The Commonwealth says that he is yet another threat to children to hit the headlines recently. According to law enforcement, the Massachusetts Internet Crimes Against Children Task Force (“ICAC”) received a tip nearly nine months ago from a National Center for Missing Exploited Children CyberTipline. The information concerned an upload of child pornography to a website.
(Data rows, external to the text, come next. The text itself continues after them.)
theorem mainTheorem8:
  fixes P :: "'s::finite \<Rightarrow> 'a::finite \<Rightarrow> 's \<Rightarrow> real"
    and r :: "'s \<Rightarrow> 'a \<Rightarrow> real"
    and \<gamma> :: real
    and \<rho> :: "'s \<Rightarrow> real"
    and risk :: "('s \<Rightarrow> real) \<Rightarrow> ('s \<Rightarrow> real) \<Rightarrow> real"
    and \<theta> :: "'s \<Rightarrow> 'a \<Rightarrow> real"
    and Phat :: "'s \<Rightarrow> 'a \<Rightarrow> 's \<Rightarrow> real"
    and astar :: "'s \<Rightarrow> 'a"
  assumes P: "\<And>s a. P s a \<in> prob_simplex"
    and r: "\<And>s a. 0 \<le> r s a \<and> r s a \<le> 1"
    and gamma: "0 \<le> \<gamma>" "\<gamma> < 1"
    and rho: "\<rho> \<in> prob_simplex"
    and riskm: "\<And>s a. convex_risk (risk (P s a))"
    and theta: "\<And>s. \<theta> s \<in> prob_simplex"
    and Phat: "worst_kernel risk P (V_pi risk P r \<gamma> \<theta>) Phat"
    and astar: "\<And>s b. r s b - \<gamma> * risk (P s b) (V_star risk P r \<gamma>)
                      \<le> r s (astar s) - \<gamma> * risk (P s (astar s)) (V_star risk P r \<gamma>)"
    and dpos: "\<And>s. occ \<gamma> \<rho> \<theta> Phat s > 0"
  shows "(\<Sum>s\<in>UNIV. \<rho> s * (V_star risk P r \<gamma> s - V_pi risk P r \<gamma> \<theta> s))
         \<le> (MAX s. occ \<gamma> \<rho> (det_policy astar) Phat s / occ \<gamma> \<rho> \<theta> Phat s)
           * (SUP pb \<in> {pb. \<forall>s. pb s \<in> prob_simplex}.
                (\<Sum>s\<in>UNIV. \<Sum>a\<in>UNIV. (pb s a - \<theta> s a)
                    * (1 / (1 - \<gamma>) * occ \<gamma> \<rho> \<theta> Phat s * Q_pi risk P r \<gamma> \<theta> s a)))"
proof -
  let ?V = "V_pi risk P r \<gamma> \<theta>" and ?Q = "Q_pi risk P r \<gamma> \<theta>"
  let ?d\<^sub>\<theta> = "occ \<gamma> \<rho> \<theta> Phat" and ?d\<^sub>s = "occ \<gamma> \<rho> (det_policy astar) Phat"
  let ?R = "MAX s. ?d\<^sub>s s / ?d\<^sub>\<theta> s"
  have V: "?V s = (\<Sum>a\<in>UNIV. \<theta> s a * ?Q s a)" for s
    using gamma riskm theta by (rule V_pi_bellman)
  have gap: "0 \<le> ((MAX a. ?Q s a) - ?V s) / (1 - \<gamma>)" for s
    using convex_comb_le_Max[OF theta] gamma by (simp add: V)
  have "Phat s a \<in> prob_simplex" for s a
    using Phat by (simp add: worst_kernel_def)
  then have "0 \<le> ?d\<^sub>s s / ?d\<^sub>\<theta> s" for s
    using gamma rho dpos by (intro divide_nonneg_pos occ_nonneg det_policy_in_prob_simplex)
  then have "0 \<le> ?R"
    by (rule order_trans) (rule Max_ge, auto)
  have "(\<Sum>s\<in>UNIV. \<rho> s * (V_star risk P r \<gamma> s - ?V s))
      \<le> (\<Sum>s\<in>UNIV. ?d\<^sub>s s * (((MAX a. ?Q s a) - ?V s) / (1 - \<gamma>)))"
    by (rule robust_suboptimality_le_greedy_gap[OF gamma rho riskm theta Phat astar])
  also have "\<dots> \<le> ?R * (\<Sum>s\<in>UNIV. ?d\<^sub>\<theta> s * (((MAX a. ?Q s a) - ?V s) / (1 - \<gamma>)))"
    using dpos gap by (rule sum_le_Max_ratio_mult)
  also have "\<dots> = ?R * (\<Sum>s\<in>UNIV. (1 / (1 - \<gamma>) * ?d\<^sub>\<theta> s)
                             * ((MAX a. ?Q s a) - (\<Sum>a\<in>UNIV. \<theta> s a * ?Q s a)))"
    by (simp add: V)
  also have "\<dots> \<le> ?R * (SUP pb \<in> {pb. \<forall>s. pb s \<in> prob_simplex}.
      (\<Sum>s\<in>UNIV. \<Sum>a\<in>UNIV. (pb s a - \<theta> s a) * (1 / (1 - \<gamma>) * ?d\<^sub>\<theta> s * ?Q s a)))"
    using \<open>0 \<le> ?R\<close> by (intro mult_left_mono SUP_policies_ge_greedy)
  finally show ?thesis .
qed
lemma measure_level_set_C_lam:
  fixes M :: "(real^'n) measure"
  assumes hM: "has_copula_df M (C_lam l)"
  shows "measure M {y \<in> partial_box UNIV 0 1. y$j = c} = 0"
proof (cases "0 < c \<and> c \<le> 1")
  case False
  then have "{y \<in> partial_box UNIV 0 1. y$j = c} = {}"
    by (auto simp: partial_box_def)
  then show ?thesis by (metis measure_empty)
next
  case True
  have sets: "sets M = sets borel"
    using hM by (simp add: has_copula_df_def)
  interpret prob_space M
    using hM by (simp add: has_copula_df_def)
  have bound: "measure M {y \<in> partial_box UNIV 0 1. y$j = c} \<le> (1 + \<bar>l\<bar>) * e" if "0 < e" for e
  proof -
    define a :: "real^'n" where "a = (\<chi> i. if i = j then max 0 (c - e) else 0)"
    define b :: "real^'n" where "b = (\<chi> i. if i = j then c else 1)"
    have ab: "0 \<le> a" "a \<le> b" "b \<le> 1"
      using True that by (auto simp: a_def b_def less_eq_vec_def)
    have "{y \<in> partial_box UNIV 0 1. y$j = c} \<subseteq> partial_box UNIV a b"
      using that by (auto simp: partial_box_def a_def b_def)
    then have "measure M {y \<in> partial_box UNIV 0 1. y$j = c} \<le> measure M (partial_box UNIV a b)"
      using sets by (intro finite_measure_mono) auto
    also have "\<dots> \<le> (1 + \<bar>l\<bar>) * (\<Prod>i\<in>UNIV. b$i - a$i)"
      by (rule measure_box_C_lam_le[OF hM ab])
    also have "(\<Prod>i\<in>UNIV. b$i - a$i) = c - max 0 (c - e)"
      by (subst prod.remove[of UNIV j]) (auto simp: a_def b_def)
    also have "\<dots> \<le> e"
      by simp
    finally show ?thesis
      by (simp add: mult_left_mono)
  qed
  have "measure M {y \<in> partial_box UNIV 0 1. y$j = c} \<le> 0 + e" if "0 < e" for e
  proof -
    have "0 < 1 + \<bar>l\<bar>" by simp
    then show ?thesis
      using bound[of "e / (1 + \<bar>l\<bar>)"] that by simp
  qed
  then have "measure M {y \<in> partial_box UNIV 0 1. y$j = c} \<le> 0"
    by (rule field_le_epsilon)
  then show ?thesis
    by (simp add: measure_nonneg antisym)
qed

lemma AE_coordinate_neq_C_lam:
  fixes M :: "(real^'n) measure"
  assumes hM: "has_copula_df M (C_lam l)"
  shows "AE y in M. y \<in> partial_box UNIV 0 1 \<and> y$j \<noteq> c"
proof -
  interpret prob_space M
    using hM by (simp add: has_copula_df_def)
  have sets: "sets M = sets borel"
    using hM by (simp add: has_copula_df_def)
  have "AE y in M. y \<in> partial_box UNIV 0 1"
    using AE_in_set_eq_1[of "partial_box UNIV 0 1"] measure_unit_cube_C_lam[OF hM] sets by simp
  moreover have "{y \<in> partial_box UNIV 0 1. y$j = c} \<in> null_sets M"
    using measure_level_set_C_lam[OF hM] sets
    by (intro null_setsI) (simp_all add: emeasure_eq_measure)
  then have "AE y in M. y \<notin> {y \<in> partial_box UNIV 0 1. y$j = c}"
    by (rule AE_not_in)
  ultimately show ?thesis
    by eventually_elim auto
qed

definition upper_sides :: "real^'n \<Rightarrow> real^'n \<Rightarrow> real^'n" where
  "upper_sides \<alpha> x = (\<chi> i. if \<alpha>$i = 1 then 1 - max 0 (min 1 (x$i)) else max 0 (min 1 (- x$i)))"

lemma upper_sides_nth_bounds: "0 \<le> upper_sides \<alpha> x $ i" "upper_sides \<alpha> x $ i \<le> 1"
  by (auto simp: upper_sides_def)

lemma upper_sides_antimono:
  assumes "x \<le> x'"
  shows "upper_sides \<alpha> x' \<le> upper_sides \<alpha> x"
  unfolding less_eq_vec_def
proof
  fix i
  have "x$i \<le> x'$i"
    using assms by (simp add: less_eq_vec_def)
  then show "upper_sides \<alpha> x' $ i \<le> upper_sides \<alpha> x $ i"
    by (auto simp: upper_sides_def max_def min_def)
qed

lemma upper_sides_sup: "upper_sides \<alpha> (sup x x') = inf (upper_sides \<alpha> x) (upper_sides \<alpha> x')"
  by (auto simp: upper_sides_def vec_eq_iff)

lemma upper_event_Int: "upper_event \<alpha> x \<inter> upper_event \<alpha> x' = upper_event \<alpha> (sup x x')"
  by (auto simp: upper_event_def)

lemma measure_upper_event_C_lam:
  fixes M :: "(real^'n) measure" and \<alpha> x :: "real^'n"
  assumes hM: "has_copula_df M (C_lam l)" and \<alpha>: "\<forall>i. \<alpha>$i = -1 \<or> \<alpha>$i = 1"
  shows "measure M (upper_event \<alpha> x) = C_lam ((-1) ^ card {i. \<alpha>$i = 1} * l) (upper_sides \<alpha> x)"
proof -
  interpret prob_space M
    using hM by (simp add: has_copula_df_def)
  have sets: "sets M = sets borel"
    using hM by (simp add: has_copula_df_def)
  define lo :: "real^'n" where "lo = (\<chi> i. if \<alpha>$i = 1 then max 0 (min 1 (x$i)) else 0)"
  define hi :: "real^'n" where "hi = (\<chi> i. if \<alpha>$i = 1 then 1 else max 0 (min 1 (- x$i)))"
  define t where "t = upper_sides \<alpha> x"
  have "AE y in M. \<forall>i\<in>UNIV. y \<in> partial_box UNIV 0 1 \<and> y$i \<noteq> hi$i"
    by (intro AE_finite_allI AE_coordinate_neq_C_lam[OF hM]) simp
  then have "AE y in M. y \<in> upper_event \<alpha> x \<longleftrightarrow> y \<in> partial_box UNIV lo hi"
  proof eventually_elim
    case (elim y)
    have "\<alpha>$i * y$i > x$i \<longleftrightarrow> lo$i < y$i \<and> y$i \<le> hi$i" for i
    proof -
      have "0 < y$i" "y$i \<le> 1" "y$i \<noteq> hi$i"
        using elim by (auto simp: partial_box_def)
      then show ?thesis
        using \<alpha>[rule_format, of i]
        by (cases "\<alpha>$i = 1") (auto simp: lo_def hi_def max_def min_def)
    qed
    then show ?case
      by (simp add: upper_event_def partial_box_def)
  qed
  then have "measure M (upper_event \<alpha> x) = measure M (partial_box UNIV lo hi)"
    using sets by (intro finite_measure_eq_AE) (auto simp: upper_event_def)
  also have "\<dots> = (\<Prod>i\<in>UNIV. hi$i - lo$i)
      + l * (\<Prod>i\<in>UNIV. hi$i * (1 - hi$i) - lo$i * (1 - lo$i))"
    by (rule measure_box_C_lam[OF hM]) (auto simp: lo_def hi_def less_eq_vec_def)
  also have "(\<Prod>i\<in>UNIV. hi$i - lo$i) = (\<Prod>i\<in>UNIV. t$i)"
    by (auto simp: lo_def hi_def t_def upper_sides_def intro!: prod.cong)
  also have "(\<Prod>i\<in>UNIV. hi$i * (1 - hi$i) - lo$i * (1 - lo$i))
      = (\<Prod>i\<in>UNIV. if \<alpha>$i = 1 then -1 else 1) * (\<Prod>i\<in>UNIV. t$i * (1 - t$i))"
    unfolding prod.distrib[symmetric]
    by (auto simp: lo_def hi_def t_def upper_sides_def algebra_simps intro!: prod.cong)
  also have "(\<Prod>i\<in>UNIV. if \<alpha>$i = 1 then -1 else 1 :: real) = (-1) ^ card {i. \<alpha>$i = 1}"
    by (simp add: prod.If_cases)
  finally show ?thesis
    unfolding t_def C_lam_product_form by (simp add: algebra_simps)
qed

lemma copula_I_C_lam:
  fixes \<alpha> :: "real^'n"
  assumes \<alpha>: "\<forall>i. \<alpha>$i = -1 \<or> \<alpha>$i = 1"
    and "0 \<le> (-1) ^ card {i. \<alpha>$i = 1} * l" "(-1) ^ card {i. \<alpha>$i = 1} * l \<le> 1"
  shows "copula_I \<alpha> (C_lam l)"
  unfolding copula_I_def is_I_def
proof (intro allI impI)
  fix M :: "(real^'n) measure" and x x' x'' :: "real^'n"
  assume hM: "has_copula_df M (C_lam l)"
    and x': "(\<forall>i. x'$i \<le> x''$i) \<and> 0 < measure M (upper_event \<alpha> x'')"
  define \<mu> :: real where "\<mu> = (-1) ^ card {i. \<alpha>$i = 1} * l"
  have cond: "cond_prob M (upper_event \<alpha> x) (upper_event \<alpha> z)
      = C_lam \<mu> (inf (upper_sides \<alpha> x) (upper_sides \<alpha> z)) / C_lam \<mu> (upper_sides \<alpha> z)" for z
    unfolding cond_prob_def upper_event_Int measure_upper_event_C_lam[OF hM \<alpha>] \<mu>_def upper_sides_sup ..
  have "\<forall>i. 0 < upper_sides \<alpha> x'' $ i"
  proof (rule ccontr)
    assume "\<not> (\<forall>i. 0 < upper_sides \<alpha> x'' $ i)"
    then obtain i where "upper_sides \<alpha> x'' $ i = 0"
      using upper_sides_nth_bounds(1)[of \<alpha> x''] by (metis less_eq_real_def)
    then have "C_lam \<mu> (upper_sides \<alpha> x'') = 0"
      by (auto simp: C_lam_def intro!: prod_zero)
    with x' show False
      by (simp add: measure_upper_event_C_lam[OF hM \<alpha>] \<mu>_def)
  qed
  moreover have "upper_sides \<alpha> x'' \<le> upper_sides \<alpha> x'"
    using x' by (intro upper_sides_antimono) (simp add: less_eq_vec_def)
  ultimately show "cond_prob M (upper_event \<alpha> x) (upper_event \<alpha> x')
      \<le> cond_prob M (upper_event \<alpha> x) (upper_event \<alpha> x'')"
    unfolding cond using assms
    by (intro C_lam_ratio_antimono) (auto simp: \<mu>_def less_eq_vec_def upper_sides_nth_bounds)
qed

theorem mainTheorem8:
  fixes \<alpha> :: "real^'n"
  assumes "CARD('n) \<ge> 2"
    and "\<forall>i. \<alpha>$i = -1 \<or> \<alpha>$i = 1"
  shows "(even (card {i. \<alpha>$i = 1}) \<longrightarrow> (\<forall>l\<in>{0..1}. copula_I \<alpha> (C_lam l)))
       \<and> (odd (card {i. \<alpha>$i = 1}) \<longrightarrow> (\<forall>l\<in>{-1..0}. copula_I \<alpha> (C_lam l)))"
  using copula_I_C_lam[OF assms(2)] by auto

end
A joint criminal investigation ensued between ICAC, Massachusetts State Police, the Barnstable County Sheriff’s Office, and the Barnstable Police Department. As part of that investigation, the Defendant’s laptop computer was seized pursuant to a search warrant.

The Defendant was not arrested at that time. Instead, there was a forensic examination of his computer which allegedly revealed several videos and images of young females being posed in states of nudity and engaged in sexual acts. The Commonwealth says that the videos appeared to have been created during webcam chats the Defendant was having with the young females. The search was on for the girls and, finally, one was found and interviewed.

Now, you may be wondering what the Defendant was doing with himself while the authorities continued their criminal investigation.

Well, according to the Commonwealth, the girl interviewed reported that two months after the Defendant’s computer had been seized, he had contacted her again online, continuing his efforts to get her to take more pictures of herself to send to him.

On February 6th, armed with an arrest warrant, authorities arrested the Defendant in North Weymouth. He has been arraigned in Barnstable District Court on charges of posing a child nude and engaged in sexual activity, possession of child pornography, disseminating obscene matter to minors, and videotaping a nude person without their knowledge.